Entries taken from a collection
----------
(* Let $m\in\mathbb N$, let $r_1,t_1,\dots,r_m,t_m\in\mathbb N$ and let $\tau_1,\dots,\tau_m\in T_Q$ be pairwise distinct, such that each $r_i$ is a position of the trace $\emptyset^{t_i}\cdot\overline{\tau_i}\cdot\mathrm{Enum}_{-\tau_i}$. Let $A\subseteq\mathcal A^{\mathsf G}$, let $B=\{(\emptyset^{t_i}\cdot\overline{\tau_i}\cdot\mathrm{Enum}_{-\tau_i})^{(r_i)}: i\in[1,m]\}$ and $C=\{(a,b)\in A\times B: a\approx b\}$. Then every deduction tree for $\langle A,B\rangle$ has size at least $|C|+1$.
   Context: Fix $n\ge1$, atomic propositions $AP=\{\tilde p,\tilde q\}\cup P\cup Q$ with $P=\{p_1,\dots,p_n\}$, $Q=\{q_1,\dots,q_n\}$ (all distinct), $\Sigma=2^{AP}$; $\emptyset$ denotes the letter with no propositions. For $\sigma=w_0\cdots w_m$, $\sigma^{(j)}=w_j\cdots w_m$. Let $\alpha(n)=2^{n+1}(n+2)^2$, $T_P=\{\tau\in\Sigma:\tilde p\in\tau\subseteq P\cup\{\tilde p\}\}$, $T_Q=\{\tau\in\Sigma:\tilde q\in\tau\subseteq Q\cup\{\tilde q\}\}$, and for $\tau\in T_Q$ let $\overline\tau\in T_P$ satisfy $p_i\in\overline\tau$ iff $q_i\in\tau$. Fix a strict total order $\prec$ on $T_Q$; $\mathrm{Enum}$ is the unique word in $(\emptyset^{\alpha(n)}\cdot T_Q)^{2^n}\cdot\emptyset^{\alpha(n)}$ listing each element of $T_Q$ once in increasing $\prec$-order, and $\mathrm{Enum}_{-\tau}$ is obtained by deleting the position of letter $\tau$ and the $\alpha(n)$ $\emptyset$-positions immediately preceding it. $\mathcal A=\{\emptyset^j\cdot\overline\tau\cdot\mathrm{Enum}:j\in\mathbb N,\tau\in T_Q\}$ and $\mathcal A^{\mathsf G}$ is the set of all suffixes $\sigma^{(j)}$ ($0\le j<|\sigma|$) of traces $\sigma\in\mathcal A$. For $a,b\in\Sigma^+$, $a\approx b$ iff there are $u\in\mathbb N$ and $\rho\in T_Q\cup T_P$ with both $a,b\in\emptyset^u\cdot\rho\cdot\emptyset^{\alpha(n)}\cdot\Sigma^*$. Proof system: for $A,B\subseteq\Sigma^+$, $A^{\mathsf X}=\{\sigma^{(1)}:\sigma\in A,|\sigma|\ge2\}$, $A^{\mathsf G}$ = all suffixes of traces in $A$, a future point for $A$ is $f:A\to\mathbb N$ with $f(\sigma)<|\sigma|$, $A^f=\{\sigma^{(f(\sigma))}:\sigma\in A\}$. For a literal $\alpha$ ($p$ or $\neg p$), write $A\models\alpha$ if $\alpha$ holds at position $0$ of every $\sigma\in A$ and $B\perp\alpha$ if it fails at position $0$ of every $\sigma\in B$. Rules on terms $\langle A,B\rangle$: Atomic: $\langle A,B\rangle$ if $A\models\alpha$, $B\perp\alpha$ for some literal $\alpha$; Or: $\langle A_1\uplus A_2,B\rangle$ from $\langle A_1,B\rangle,\langle A_2,B\rangle$; And: $\langle A,B_1\uplus B_2\rangle$ from $\langle A,B_1\rangle,\langle A,B_2\rangle$; Next: $\langle A,B\rangle$ from $\langle A^{\mathsf X},B^{\mathsf X}\rangle$ if $|A^{\mathsf X}|=|A|$; WeakNext: $\langle A,B\rangle$ from $\langle A^{\mathsf X},B^{\mathsf X}\rangle$ if $|B^{\mathsf X}|=|B|$; Future: $\langle A,B\rangle$ from $\langle A^f,B^{\mathsf G}\rangle$, $f$ a future point for $A$; Globally: $\langle A,B\rangle$ from $\langle A^{\mathsf G},B^f\rangle$, $f$ a future point for $B$ ($\uplus$ = disjoint union). A deduction tree for $\langle A,B\rangle$ is a finite tree of rule applications rooted at $\langle A,B\rangle$ with every hypothesis derived; its size is its number of rule applications. *)

theory Defs
  imports Main
begin

(* Atomic propositions: Pt = p~, Qt = q~, P i = p_i, Q i = q_i (only 1 <= i <= n are used) *)
datatype ap = Pt | Qt | P nat | Q nat

type_synonym letter = "ap set"
type_synonym trace = "letter list"   (* traces in Sigma^+ are nonempty lists *)

definition APs :: "nat \<Rightarrow> ap set" where
  "APs n = {Pt, Qt} \<union> P ` {1..n} \<union> Q ` {1..n}"

definition alpha :: "nat \<Rightarrow> nat" where
  "alpha n = 2 ^ (n + 1) * (n + 2) ^ 2"

definition TP :: "nat \<Rightarrow> letter set" where
  "TP n = {\<tau>. Pt \<in> \<tau> \<and> \<tau> \<subseteq> insert Pt (P ` {1..n})}"

definition TQ :: "nat \<Rightarrow> letter set" where
  "TQ n = {\<tau>. Qt \<in> \<tau> \<and> \<tau> \<subseteq> insert Qt (Q ` {1..n})}"

definition bar :: "letter \<Rightarrow> letter" where
  "bar \<tau> = insert Pt {P i | i. Q i \<in> \<tau>}"

definition enum_list :: "nat \<Rightarrow> (letter \<times> letter) set \<Rightarrow> letter list" where
  "enum_list n lt = (THE xs. distinct xs \<and> set xs = TQ n \<and> sorted_wrt (\<lambda>x y. (x, y) \<in> lt) xs)"

definition Enum :: "nat \<Rightarrow> (letter \<times> letter) set \<Rightarrow> trace" where
  "Enum n lt = concat (map (\<lambda>\<tau>. replicate (alpha n) {} @ [\<tau>]) (enum_list n lt))
               @ replicate (alpha n) {}"

definition Enum_minus :: "nat \<Rightarrow> (letter \<times> letter) set \<Rightarrow> letter \<Rightarrow> trace" where
  "Enum_minus n lt \<tau> =
     (let e = Enum n lt; k = (THE k. k < length e \<and> e ! k = \<tau>)
      in take (k - alpha n) e @ drop (k + 1) e)"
----------
* EXERCISE GOAL *
Search the data for "replicate". Copy every line that has it.

* SOLUTION *
  "Enum n lt = concat (map (\<lambda>\<tau>. replicate (alpha n) {} @ [\<tau>]) (enum_list n lt))
               @ replicate (alpha n) {}"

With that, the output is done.